• [EXERCISE PROMPT]
Start at the line holding "then show ?thesis". Write out that line and each one after it to the end of the data, unchanged.

/---

lemma compact_dilation_preimage_annulus:
  fixes S :: "'a::euclidean_space set"
  assumes "compact S" "0 \<notin> S"
  obtains \<delta> a where "\<delta> > 0"
    "\<And>t x. t \<in> {1/2..2} \<Longrightarrow> t *\<^sub>R x \<in> S \<Longrightarrow> \<delta> \<le> norm x \<and> x \<in> cbox (-a) a"
proof -
  obtain e where "e > 0" and e: "\<And>y. y \<in> S \<Longrightarrow> e \<le> norm y"
    using separate_point_closed[OF compact_imp_closed[OF assms(1)] assms(2)] by (auto simp: dist_norm)
  obtain R where R: "\<And>y. y \<in> S \<Longrightarrow> norm y \<le> R"
    using compact_imp_bounded[OF assms(1)] bounded_iff by blast
  obtain a where a: "cball (0::'a) (2 * R) \<subseteq> cbox (-a) a"
    using bounded_subset_cbox_symmetric[of "cball (0::'a) (2 * R)"] by blast
  have "e / 2 \<le> norm x \<and> x \<in> cbox (-a) a" if "t \<in> {1/2..2}" "t *\<^sub>R x \<in> S" for t x
  proof -
    have tx: "norm (t *\<^sub>R x) = t * norm x"
      using that(1) by simp
    have "e \<le> t * norm x" "t * norm x \<le> R"
      using e[OF that(2)] R[OF that(2)] by (simp_all only: tx)
    moreover have "t * norm x \<le> 2 * norm x" "1 * norm x \<le> (2 * t) * norm x"
      using that(1) by (intro mult_right_mono; simp)+
    ultimately have "e / 2 \<le> norm x" "norm x \<le> 2 * R"
      by linarith+
    then show ?thesis
      using a by auto
  qed
  with \<open>e > 0\<close> show ?thesis
    by (intro that[of "e / 2"]) auto
qed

\---

• [ANSWER BELOW]
    then show ?thesis
      using a by auto
  qed
  with \<open>e > 0\<close> show ?thesis
    by (intro that[of "e / 2"]) auto
qed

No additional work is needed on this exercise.